I learned from the way he taught me to study and did very sucessfully from the learning in a totally different course! Practice and recalling at environments that are not at school (like the shower, for example) eventually made me just roll the information right out.

What he did was ask me a lot of questions on the subject and eventually I knew what he was looking for in terms of an answer. He made me do the questions on the spot, off the top of my head -- it was a little daunting at first, but then I just took right to it. This eventually alleviated quite a bit of test stress, which was something I was coping with as well. Of course, not all of what he asked was there and some stuff he didn't ask was there as well... but it made me realize in what he was looking for in the answers given and helped me study more for important points and the general idea with a little detail.

Just recently I've helped a few fellow students taking the course I once did that well and taught them the same way. I still know quite a lot of the information that was taught to me. It worked extremely well and will be using the same techniques.

I can't see the results when the final test was recognition - although you do say they were not significant. Am I missing something?


By Mark Tyrrell Frank (not verified) on 03 Jan 2008 #permalink

This is really interesting. I will keep it in mind when I am given tests at school, since I am only 17 this gives me some movitation to actually revise for my AS levels I hope.

When I was teaching (university, operations research), my most useful classroom ploy for quick one-question tests on assigned reading was to have students pair up and work out the answer jointly. I believe that the active discussion between the students helped to register the knowledge.

By Judith S. Liebman (not verified) on 04 Jan 2008 #permalink

I believe that this works under the conditions that you've stated, however, I think that the study that you cited has more to do with the way people learn and read words as opposed any other type of information.

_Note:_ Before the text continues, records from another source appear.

text \<open>Scaled distribution P_{X_alpha} for alpha in [0, infinity).\<close>
definition scaled_dist :: "real \<Rightarrow> ('a::finite \<Rightarrow> real) \<Rightarrow> ('a \<Rightarrow> real)" where
  "scaled_dist \<alpha> P =
    (if \<alpha> = 0 then (\<lambda>x. if x \<in> supp P then 1 / real (card (supp P)) else 0)
     else (\<lambda>x. (if x \<in> supp P then P x powr \<alpha> else 0) /
               (\<Sum>y\<in>supp P. P y powr \<alpha>)))"

end

theory Submission
  imports Defs
begin

(* For 0 < alpha < 1 and alpha > 1 the bound is Hoelder's inequality with the conjugate
   weights alpha, 1 - alpha (respectively 1/alpha, 1 - 1/alpha), applied so that one factor
   is sum Q <= 1; alpha = 1 is Gibbs' inequality, and for alpha = 0 some x in the support
   has Q x <= 1 / card (supp P).  At Q = P_{X_alpha} = P^alpha / Z every term of the cross
   entropy sum equals P^alpha / Z^((alpha - 1)/alpha), so the sum is Z^(1/alpha). *)

lemma mem_supp_iff: "x \<in> supp P \<longleftrightarrow> 0 < P x"
  by (simp add: supp_def)

lemma is_dist_nonneg: "is_dist P \<Longrightarrow> 0 \<le> P x"
  by (simp add: is_dist_def)

lemma is_dist_eq_0_outside_supp: "is_dist P \<Longrightarrow> x \<notin> supp P \<Longrightarrow> P x = 0"
  by (metis is_dist_nonneg less_eq_real_def mem_supp_iff)

lemma is_dist_sum_supp:
  assumes "is_dist P"
  shows "sum P (supp P) = 1"
proof -
  have "sum P UNIV = sum P (supp P)"
    by (rule sum.mono_neutral_right) (auto simp: is_dist_eq_0_outside_supp[OF assms])
  with assms show ?thesis
    by (simp add: is_dist_def)
qed

lemma is_dist_supp_nonempty: "is_dist P \<Longrightarrow> supp P \<noteq> {}"
  using is_dist_sum_supp by fastforce

lemma is_dist_sum_le_1: "is_dist Q \<Longrightarrow> sum Q A \<le> 1"
  by (metis is_dist_def is_dist_nonneg sum_mono2 finite subset_UNIV)

lemma sum_supp_powr_pos: "is_dist P \<Longrightarrow> 0 < (\<Sum>x\<in>supp P. P x powr a)"
  by (intro sum_pos) (auto simp: is_dist_supp_nonempty mem_supp_iff)

lemma Youngs_inequality_nonneg:
  fixes a b p q :: real
  assumes "0 \<le> p" "0 \<le> q" "p + q = 1" "0 \<le> a" "0 \<le> b"
  shows "a powr p * b powr q \<le> p * a + q * b"
  using Youngs_inequality_0[OF assms(1-3)] assms by (cases "a = 0 \<or> b = 0") auto

lemma Holder_inequality_sum:
  fixes a b :: "'a \<Rightarrow> real" and p q :: real
  assumes "finite S" "0 < p" "0 < q" "p + q = 1"
    and a: "\<And>x. x \<in> S \<Longrightarrow> 0 \<le> a x" and b: "\<And>x. x \<in> S \<Longrightarrow> 0 \<le> b x"
  shows "(\<Sum>x\<in>S. a x powr p * b x powr q) \<le> sum a S powr p * sum b S powr q"
proof -
  define A B where "A = sum a S" and "B = sum b S"
  have "A \<ge> 0" "B \<ge> 0"
    using a b by (auto simp: A_def B_def intro: sum_nonneg)
  show ?thesis
  proof (cases "A = 0 \<or> B = 0")
    case True
    then have "(\<forall>x\<in>S. a x = 0) \<or> (\<forall>x\<in>S. b x = 0)"
      using assms by (auto simp: A_def B_def sum_nonneg_eq_0_iff)
    then show ?thesis
      using assms by (auto simp: A_def B_def)
  next
    case False
    then have "A > 0" "B > 0"
      using \<open>A \<ge> 0\<close> \<open>B \<ge> 0\<close> by auto
    have "(\<Sum>x\<in>S. (a x / A) powr p * (b x / B) powr q) \<le> (\<Sum>x\<in>S. p * (a x / A) + q * (b x / B))"
      using assms \<open>A > 0\<close> \<open>B > 0\<close> by (intro sum_mono Youngs_inequality_nonneg) auto
    also have "\<dots> = p + q"
      using \<open>A > 0\<close> \<open>B > 0\<close>
      by (simp add: sum.distrib flip: sum_distrib_left sum_divide_distrib A_def B_def)
    finally have "(\<Sum>x\<in>S. a x powr p * b x powr q) / (A powr p * B powr q) \<le> 1"
      using assms \<open>A > 0\<close> \<open>B > 0\<close>
      by (simp add: powr_divide sum_divide_distrib)
    then show ?thesis
      using \<open>A > 0\<close> \<open>B > 0\<close> by (simp add: A_def B_def)
  qed
qed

I used to be more well-versed in this topic, but am out of practice now. Can anyone corroborate?

I think it's interesting that the control group had better results in both cued/free than the recognition group. It is also intresting to see if taking tests really makes kids learn. Although, I don't really think the test itself makes the kids learn, but it is more of a motivation for making them learn. If there were no grades, then no one would try. Tests are not a way to learn, but more of a reason to learn. Tests might very well not be helful, but until they are taken away students will have trouble overcoming tests. Here is a link to get any students reading this article into good study habits.

The comment about trick questions being counterproductive for learning is interesting. Do you know of any research specifically on this? I would love to show it to a certain instructor I know.